▶ Data for this exercise:

★ ★ ★ ★ ★ ★ ★

(* Consider a vertex model on the (periodic) hexagonal lattice in which every vertex has the same signature $r=(x_1,\dots,x_8)$. For a generic choice of $r$ (i.e. outside a proper algebraic subset of signatures), the model is realizable if and only if it is orthogonally realizable.
   Context: Signatures are vectors indexed by local configurations $000,001,\dots,111$ of the incident $(a,b,c)$-edges. A realization assigns to each edge $e$ an invertible $2\times2$ matrix $T_e$ and to each vertex a matchgate signature $m_v$ with $m_v=(T_a\otimes T_b\otimes T_c)r_v$ at black vertices and $m_v=((T_a\otimes T_b\otimes T_c)^t)^{-1}r_v$ at white vertices, every $m_v$ satisfying the parity constraint (vanishing on all binary strings of one parity); the model is realizable if a realization exists, and orthogonally realizable if a realization exists with all $T_e$ orthogonal. *)

theory Defs
  imports Complex_Main
begin

text \<open>2x2 complex matrices, indexed by bool (False = 0, True = 1); entry T i j is row i, column j.
  Local signatures at a trivalent vertex are functions of the configuration (a,b,c) of bits
  on the incident a-, b-, c-edges.\<close>

type_synonym mat2 = "bool \<Rightarrow> bool \<Rightarrow> complex"
type_synonym sig3 = "bool \<Rightarrow> bool \<Rightarrow> bool \<Rightarrow> complex"

definition mat2_mult :: "mat2 \<Rightarrow> mat2 \<Rightarrow> mat2" where
  "mat2_mult S T = (\<lambda>i k. \<Sum>j\<in>UNIV. S i j * T j k)"

definition mat2_id :: mat2 where
  "mat2_id = (\<lambda>i j. if i = j then 1 else 0)"

definition mat2_transpose :: "mat2 \<Rightarrow> mat2" where
  "mat2_transpose T = (\<lambda>i j. T j i)"

definition mat2_invertible :: "mat2 \<Rightarrow> bool" where
  "mat2_invertible T \<longleftrightarrow> (\<exists>S. mat2_mult T S = mat2_id \<and> mat2_mult S T = mat2_id)"

definition mat2_orthogonal :: "mat2 \<Rightarrow> bool" where
  "mat2_orthogonal T \<longleftrightarrow> mat2_mult (mat2_transpose T) T = mat2_id \<and> mat2_mult T (mat2_transpose T) = mat2_id"

text \<open>(Ta \<otimes> Tb \<otimes> Tc) applied to a signature (configurations ordered 000,...,111 with the a-bit most
  significant, which is exactly the Kronecker ordering).\<close>
definition tensor3_apply :: "mat2 \<Rightarrow> mat2 \<Rightarrow> mat2 \<Rightarrow> sig3 \<Rightarrow> sig3" where
  "tensor3_apply Ta Tb Tc r = (\<lambda>x y z. \<Sum>x'\<in>UNIV. \<Sum>y'\<in>UNIV. \<Sum>z'\<in>UNIV.
      Ta x x' * Tb y y' * Tc z z' * r x' y' z')"

definition weight3 :: "bool \<Rightarrow> bool \<Rightarrow> bool \<Rightarrow> nat" where
  "weight3 x y z = of_bool x + of_bool y + of_bool z"

definition parity_ok :: "sig3 \<Rightarrow> bool" where
  "parity_ok m \<longleftrightarrow> (\<forall>x y z. even (weight3 x y z) \<longrightarrow> m x y z = 0)
                 \<or> (\<forall>x y z. odd (weight3 x y z) \<longrightarrow> m x y z = 0)"

text \<open>Periodic hexagonal lattice of size m x n on the torus.
  Black vertices (i,j) and white vertices (i,j), i < m, j < n.
  Edges are named by their direction and their black endpoint:
  black (i,j) -- white (i,j)       is the a-edge (A,i,j),
  black (i,j) -- white (i+1 mod m,j) is the b-edge (B,i,j),
  black (i,j) -- white (i,j+1 mod n) is the c-edge (C,i,j).
  Hence white (i,j) has a-edge (A,i,j), b-edge (B,i-1 mod m,j), c-edge (C,i,j-1 mod n).\<close>

datatype dir = DA | DB | DC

★ ★ ★ ★ ★ ★ ★

Output the records again in full. Keep every character as written.

(* Consider a vertex model on the (periodic) hexagonal lattice in which every vertex has the same signature $r=(x_1,\dots,x_8)$. For a generic choice of $r$ (i.e. outside a proper algebraic subset of signatures), the model is realizable if and only if it is orthogonally realizable.
   Context: Signatures are vectors indexed by local configurations $000,001,\dots,111$ of the incident $(a,b,c)$-edges. A realization assigns to each edge $e$ an invertible $2\times2$ matrix $T_e$ and to each vertex a matchgate signature $m_v$ with $m_v=(T_a\otimes T_b\otimes T_c)r_v$ at black vertices and $m_v=((T_a\otimes T_b\otimes T_c)^t)^{-1}r_v$ at white vertices, every $m_v$ satisfying the parity constraint (vanishing on all binary strings of one parity); the model is realizable if a realization exists, and orthogonally realizable if a realization exists with all $T_e$ orthogonal. *)

theory Defs
  imports Complex_Main
begin

text \<open>2x2 complex matrices, indexed by bool (False = 0, True = 1); entry T i j is row i, column j.
  Local signatures at a trivalent vertex are functions of the configuration (a,b,c) of bits
  on the incident a-, b-, c-edges.\<close>

type_synonym mat2 = "bool \<Rightarrow> bool \<Rightarrow> complex"
type_synonym sig3 = "bool \<Rightarrow> bool \<Rightarrow> bool \<Rightarrow> complex"

definition mat2_mult :: "mat2 \<Rightarrow> mat2 \<Rightarrow> mat2" where
  "mat2_mult S T = (\<lambda>i k. \<Sum>j\<in>UNIV. S i j * T j k)"

definition mat2_id :: mat2 where
  "mat2_id = (\<lambda>i j. if i = j then 1 else 0)"

definition mat2_transpose :: "mat2 \<Rightarrow> mat2" where
  "mat2_transpose T = (\<lambda>i j. T j i)"

definition mat2_invertible :: "mat2 \<Rightarrow> bool" where
  "mat2_invertible T \<longleftrightarrow> (\<exists>S. mat2_mult T S = mat2_id \<and> mat2_mult S T = mat2_id)"

definition mat2_orthogonal :: "mat2 \<Rightarrow> bool" where
  "mat2_orthogonal T \<longleftrightarrow> mat2_mult (mat2_transpose T) T = mat2_id \<and> mat2_mult T (mat2_transpose T) = mat2_id"

text \<open>(Ta \<otimes> Tb \<otimes> Tc) applied to a signature (configurations ordered 000,...,111 with the a-bit most
  significant, which is exactly the Kronecker ordering).\<close>
definition tensor3_apply :: "mat2 \<Rightarrow> mat2 \<Rightarrow> mat2 \<Rightarrow> sig3 \<Rightarrow> sig3" where
  "tensor3_apply Ta Tb Tc r = (\<lambda>x y z. \<Sum>x'\<in>UNIV. \<Sum>y'\<in>UNIV. \<Sum>z'\<in>UNIV.
      Ta x x' * Tb y y' * Tc z z' * r x' y' z')"

definition weight3 :: "bool \<Rightarrow> bool \<Rightarrow> bool \<Rightarrow> nat" where
  "weight3 x y z = of_bool x + of_bool y + of_bool z"

definition parity_ok :: "sig3 \<Rightarrow> bool" where
  "parity_ok m \<longleftrightarrow> (\<forall>x y z. even (weight3 x y z) \<longrightarrow> m x y z = 0)
                 \<or> (\<forall>x y z. odd (weight3 x y z) \<longrightarrow> m x y z = 0)"

text \<open>Periodic hexagonal lattice of size m x n on the torus.
  Black vertices (i,j) and white vertices (i,j), i < m, j < n.
  Edges are named by their direction and their black endpoint:
  black (i,j) -- white (i,j)       is the a-edge (A,i,j),
  black (i,j) -- white (i+1 mod m,j) is the b-edge (B,i,j),
  black (i,j) -- white (i,j+1 mod n) is the c-edge (C,i,j).
  Hence white (i,j) has a-edge (A,i,j), b-edge (B,i-1 mod m,j), c-edge (C,i,j-1 mod n).\<close>

datatype dir = DA | DB | DC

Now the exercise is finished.